Generic const - a non-functional view
Dee Girl
deegirl at noreply.com
Thu Jun 26 14:00:42 PDT 2008
Steven Schveighoffer Wrote:
>
> "Dee Girl" wrote
> > Steven Schveighoffer Wrote:
> >
> >> I am not super-knowledgable about perl, but I understand the workings of
> >> invariant strings and what they mean for memory usage. The memory usage
> >> exhibited by perl when copying one string to another suggests an entire
> >> copy
> >> of the data, not just copying a reference. If strings were immutable
> >> (like
> >> they are in D or Java), then memory usage should not go up by 100MB when
> >> simply assinging two variables to point to the same data. It actually
> >> appears to me that perl has mutable strings but only allows one reference
> >> to
> >> the data at a time. i.e. they are more like C++ std::strings (when not
> >> used
> >> with references).
> >>
> >> Perhaps you can explain how my example shows they are immutable? Maybe I
> >> am
> >> not getting something.
> >
> > Perl has mix of reference counting with duplication and many optimization
> > depending on code. It is mis guided to judge only by memory use. That is
> > not relevant, just implementation detail. Tomorrow Perl is better,
> > yesterday is bad. It is not relevant.
> >
> > What is needed to look is semantics. Strings in Perl never alias, have
> > strict value semantics. It is same as saying they have immutable
> > characters because you can not distinguish.
>
> OK, I get what you are saying. Immutability is not the important
> characteristic, it's value-semantics. That still invalidates Walter's
> argument that immutability is essential to how perl strings 'just work'.

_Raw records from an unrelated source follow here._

lemma inner_indvec: "indvec B \<bullet> y = (\<Sum>e\<in>B. y $ e)"
proof -
  have "indvec B \<bullet> y = (\<Sum>e\<in>UNIV. if e \<in> B then y $ e else 0)"
    unfolding inner_vec_def indvec_def by (intro sum.cong) auto
  then show ?thesis by (simp add: sum.If_cases)
qed

lemma detB_exp_scale_columns_square:
  fixes X :: "real^'e::finite^'k::finite"
  assumes "card B = CARD('k)"
  shows "(detB (scale_columns X (\<lambda>e. exp (y $ e / 2))) B)\<^sup>2 = (detB X B)\<^sup>2 * exp (indvec B \<bullet> y)"
proof -
  have "(\<Prod>e\<in>B. exp (y $ e / 2))\<^sup>2 = exp (indvec B \<bullet> y)"
    by (simp add: inner_indvec exp_sum power2_eq_square flip: prod.distrib exp_add)
  then show ?thesis
    by (simp add: detB_scale_columns[OF assms] power_mult_distrib)
qed

definition uniform_marginals :: "'e set set \<Rightarrow> ('e set \<Rightarrow> real) \<Rightarrow> bool" where
  "uniform_marginals bases \<mu> \<longleftrightarrow> (\<exists>c. \<forall>e. (\<Sum>B\<in>{B\<in>bases. e \<in> B}. \<mu> B) = c)"

lemma sum_scaleR_indvec_component:
  fixes bases :: "'e::finite set set"
  shows "(\<Sum>B\<in>bases. \<mu> B *\<^sub>R indvec B) $ e = (\<Sum>B\<in>{B\<in>bases. e \<in> B}. \<mu> B)"
  by (simp add: sum_component indvec_def sum.inter_filter if_distrib cong: if_cong)

lemma sum_of_marginals:
  fixes bases :: "'e::finite set set"
  assumes "\<forall>B\<in>bases. card B = k"
  shows "(\<Sum>e\<in>UNIV. \<Sum>B\<in>{B\<in>bases. e \<in> B}. \<mu> B) = real k * sum \<mu> bases"
proof -
  have "(\<Sum>e\<in>UNIV. \<Sum>B\<in>{B\<in>bases. e \<in> B}. \<mu> B) = (\<Sum>B\<in>bases. \<Sum>e\<in>{e\<in>UNIV. e \<in> B}. \<mu> B)"
    by (rule sum.swap_restrict) simp_all
  also have "\<dots> = real k * sum \<mu> bases"
    using assms by (simp add: sum_distrib_left)
  finally show ?thesis .
qed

Walter had good argument with wrong words. Perl strings are good because they act like values. So are D strings. The argument is valid.

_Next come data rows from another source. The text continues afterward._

lemma eigenvalue_col_scaled_mat_if_symmetrized:
  assumes c: "\<And>i. i < r \<Longrightarrow> c i > 0"
    and x: "\<And>i. i < r \<Longrightarrow> (\<Sum>j<r. sqrt (c i) * p i j * sqrt (c j) * x j) = k * x i"
    and "i0 < r" "x i0 \<noteq> 0"
  shows "eigenvalue (col_scaled_mat r p c) k"
  unfolding eigenvalue_col_scaled_mat_iff
proof (intro exI[of _ "\<lambda>j. x j / sqrt (c j)"] conjI allI impI)
  show "\<exists>i<r. x i / sqrt (c i) \<noteq> 0"
    using \<open>i0 < r\<close> \<open>x i0 \<noteq> 0\<close> c[of i0] by auto
  fix i assume "i < r"
  have "p i j * c j * (x j / sqrt (c j)) = sqrt (c i) * p i j * sqrt (c j) * x j / sqrt (c i)"
    if "j < r" for j
  proof -
    have "p i j * c j * (x j / sqrt (c j)) = p i j * (c j / sqrt (c j)) * x j"
      by simp
    also have "\<dots> = p i j * sqrt (c j) * x j"
      using c[OF that] by (simp add: real_div_sqrt)
    also have "\<dots> = sqrt (c i) * p i j * sqrt (c j) * x j / sqrt (c i)"
      using c[OF \<open>i < r\<close>] by simp
    finally show ?thesis .
  qed
  then have "(\<Sum>j<r. p i j * c j * (x j / sqrt (c j)))
      = (\<Sum>j<r. sqrt (c i) * p i j * sqrt (c j) * x j) / sqrt (c i)"
    unfolding sum_divide_distrib by simp
  then show "(\<Sum>j<r. p i j * c j * (x j / sqrt (c j))) = k * (x i / sqrt (c i))"
    using x[OF \<open>i < r\<close>] by simp
qed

I work more with D strings now and I never found better idea for string implementation in all language I know. It is amazing how things stay together in type system so thin.
> > You assign $y = $x. Two things could happen, a refcount is done or a full
> > copy is done. You do not know. But you do not care!
>
> I might care about whether perl decides to consume half my memory or not :)
> But technically I don't care since I don't use perl ;)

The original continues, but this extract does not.